[Saved data entries]
━━━━━━━━━━━━━━━━━━━━
lemma superquadratic_lower_bound:
  fixes \<Phi>s :: "real \<Rightarrow> real"
  assumes even: "\<And>y. \<Phi>s (- y) = \<Phi>s y"
    and growth: "filterlim (\<lambda>x. \<Phi>s x / x\<^sup>2) at_top at_top"
  shows "\<exists>Y>0. \<forall>y. Y \<le> \<bar>y\<bar> \<longrightarrow> M * y\<^sup>2 \<le> \<Phi>s y"
proof -
  obtain Y0 where Y0: "\<And>y. y \<ge> Y0 \<Longrightarrow> M \<le> \<Phi>s y / y\<^sup>2"
    using growth by (auto simp: filterlim_at_top eventually_at_top_linorder)
  define Y where "Y = max Y0 1"
  have "M * y\<^sup>2 \<le> \<Phi>s y" if "Y \<le> \<bar>y\<bar>" for y
  proof -
    have "1 \<le> \<bar>y\<bar>" using that by (simp add: Y_def)
    then have "0 < \<bar>y\<bar>\<^sup>2" by simp
    moreover have "M \<le> \<Phi>s \<bar>y\<bar> / \<bar>y\<bar>\<^sup>2" using Y0[of "\<bar>y\<bar>"] that by (simp add: Y_def)
    moreover have "\<Phi>s \<bar>y\<bar> = \<Phi>s y" using even by (cases "y \<ge> 0") auto
    ultimately show ?thesis by (simp add: le_divide_eq)
  qed
  then show ?thesis by (intro exI[of _ Y]) (auto simp: Y_def)
qed
(* Let $N$ be a unitarily invariant norm on $M_n$ normalized so that $N(E_{11})=1$, and let $D$ be a positive definite diagonal matrix. Then $$I(N,D)=N'(D^{-1})^{-1},$$ where $N'$ is the dual norm of $N$.
   Context: $M_n$ is the set of complex $n\times n$ matrices, $P(n)$ the positive semidefinite ones, $\circ$ the Hadamard product, $E_{11}$ the matrix unit with a $1$ in position $(1,1)$ and zeros elsewhere. $I(N,A)=\min\{N(A\circ B): B\in P(n),\ N(B)=1\}$. The dual norm is $N'(X)=\max\{|\operatorname{tr}(X Y^* )|: N(Y)\le1\}$; equivalently, if $\Phi$ is the symmetric gauge function with $N(X)=\Phi(s_1(X),\dots,s_n(X))$ (singular values), $N'$ corresponds to the dual gauge function $\Phi'$. *)

theory Defs
  imports "HOL-Analysis.Analysis"
begin

definition adjoint :: "complex^'n^'m \<Rightarrow> complex^'m^'n" where
  "adjoint A = (\<chi> i j. cnj (A $ j $ i))"

definition unitary :: "complex^'n^'n \<Rightarrow> bool" where
  "unitary U \<longleftrightarrow> U ** adjoint U = mat 1 \<and> adjoint U ** U = mat 1"

definition psd :: "complex^'n^'n \<Rightarrow> bool" where
  "psd A \<longleftrightarrow> adjoint A = A \<and>
     (\<forall>x :: complex^'n. 0 \<le> Re (\<Sum>i\<in>UNIV. \<Sum>j\<in>UNIV. cnj (x $ i) * A $ i $ j * x $ j))"

definition hadamard :: "complex^'n^'m \<Rightarrow> complex^'n^'m \<Rightarrow> complex^'n^'m" (infixl "\<circ>\<^sub>H" 70) where
  "A \<circ>\<^sub>H B = (\<chi> i j. A $ i $ j * B $ i $ j)"

definition matrix_unit :: "'n \<Rightarrow> 'n \<Rightarrow> complex^'n^'n" where
  "matrix_unit k l = (\<chi> i j. if i = k \<and> j = l then 1 else 0)"

definition is_matrix_norm :: "(complex^'n^'n \<Rightarrow> real) \<Rightarrow> bool" where
  "is_matrix_norm N \<longleftrightarrow>
     (\<forall>X. 0 \<le> N X) \<and> (\<forall>X. N X = 0 \<longleftrightarrow> X = 0) \<and>
     (\<forall>(c::complex) X. N (\<chi> i j. c * X $ i $ j) = cmod c * N X) \<and> (\<forall>X Y. N (X + Y) \<le> N X + N Y)"

definition unitarily_invariant_norm :: "(complex^'n^'n \<Rightarrow> real) \<Rightarrow> bool" where
  "unitarily_invariant_norm N \<longleftrightarrow> is_matrix_norm N \<and>
     (\<forall>U V X. unitary U \<longrightarrow> unitary V \<longrightarrow> N (U ** X ** V) = N X)"

text \<open>I(N,A) = min { N(A \<circ> B) : B psd, N(B) = 1 } (the minimum is attained; we use Inf).\<close>
definition I_index :: "(complex^'n^'n \<Rightarrow> real) \<Rightarrow> complex^'n^'n \<Rightarrow> real" where
  "I_index N A = Inf {N (A \<circ>\<^sub>H B) | B. psd B \<and> N B = 1}"

text \<open>Dual norm N'(X) = max { |tr(X Y^*)| : N(Y) \<le> 1 } (attained; we use Sup).\<close>
definition dual_norm :: "(complex^'n^'n \<Rightarrow> real) \<Rightarrow> complex^'n^'n \<Rightarrow> real" where
  "dual_norm N X = Sup {cmod (trace (X ** adjoint Y)) | Y. N Y \<le> 1}"

definition pos_def_diagonal :: "complex^'n^'n \<Rightarrow> bool" where
  "pos_def_diagonal D \<longleftrightarrow> (\<forall>i j. i \<noteq> j \<longrightarrow> D $ i $ j = 0) \<and>
     (\<forall>i. D $ i $ i \<in> \<real> \<and> 0 < Re (D $ i $ i))"

end

theory Submission
  imports Defs
begin

text \<open>
  Write \<open>D = diag d\<close>. Pinching (averaging
  with conjugates by diagonal sign matrices) does not increase \<open>N\<close>, so \<open>N (diag |Y\<^sub>i\<^sub>i|) \<le> N Y\<close>
  and \<open>|Y\<^sub>i\<^sub>j| \<le> N Y\<close>. Householder reflections make every rank-one projection unitarily
  equivalent to \<open>E\<^sub>k\<^sub>k\<close>, so \<open>N (v v\<^sup>*) = |v|\<^sup>2\<close>. Splitting off rank-one terms by Schur
  complements then gives \<open>N B \<le> tr B\<close> for positive semidefinite \<open>B\<close>.

  Since \<open>D \<circ> B = diag (d\<^sub>i B\<^sub>i\<^sub>i)\<close>, both sides only see diagonals. A positive semidefinite \<open>B\<close>
  with \<open>N B = 1\<close> yields the test matrix \<open>(D \<circ> B) / N (D \<circ> B)\<close> for the dual norm, whence
  \<open>1 \<le> N'(D\<^sup>-\<^sup>1) N (D \<circ> B)\<close>. Conversely, \<open>Y\<close> with \<open>N Y \<le> 1\<close> yields the rank-one
  \<open>B = v v\<^sup>* / |v|\<^sup>2\<close> with \<open>v\<^sub>i = sqrt (|Y\<^sub>i\<^sub>i| / d\<^sub>i)\<close>, for which
  \<open>N (D \<circ> B) \<le> 1 / |v|\<^sup>2\<close> while \<open>|tr (D\<^sup>-\<^sup>1 Y\<^sup>*)| \<le> |v|\<^sup>2\<close>.
\<close>

section \<open>Diagonal, rank-one and unitary matrices\<close>

definition mat_scale :: "complex \<Rightarrow> complex^'n^'m \<Rightarrow> complex^'n^'m" where
  "mat_scale c X = (\<chi> i j. c * X $ i $ j)"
━━━━━━━━━━━━━━━━━━━━
Work request →
Beginning at the line with "theory Submission" and ending at the line with "equivalent to \<open>E\<^sub>k\<^sub>k\<close>, so", reproduce each line of the data above exactly, and add no other lines.

Output for this exercise →
theory Submission
  imports Defs
begin

text \<open>
  Write \<open>D = diag d\<close>. Pinching (averaging
  with conjugates by diagonal sign matrices) does not increase \<open>N\<close>, so \<open>N (diag |Y\<^sub>i\<^sub>i|) \<le> N Y\<close>
  and \<open>|Y\<^sub>i\<^sub>j| \<le> N Y\<close>. Householder reflections make every rank-one projection unitarily
  equivalent to \<open>E\<^sub>k\<^sub>k\<close>, so \<open>N (v v\<^sup>*) = |v|\<^sup>2\<close>. Splitting off rank-one terms by Schur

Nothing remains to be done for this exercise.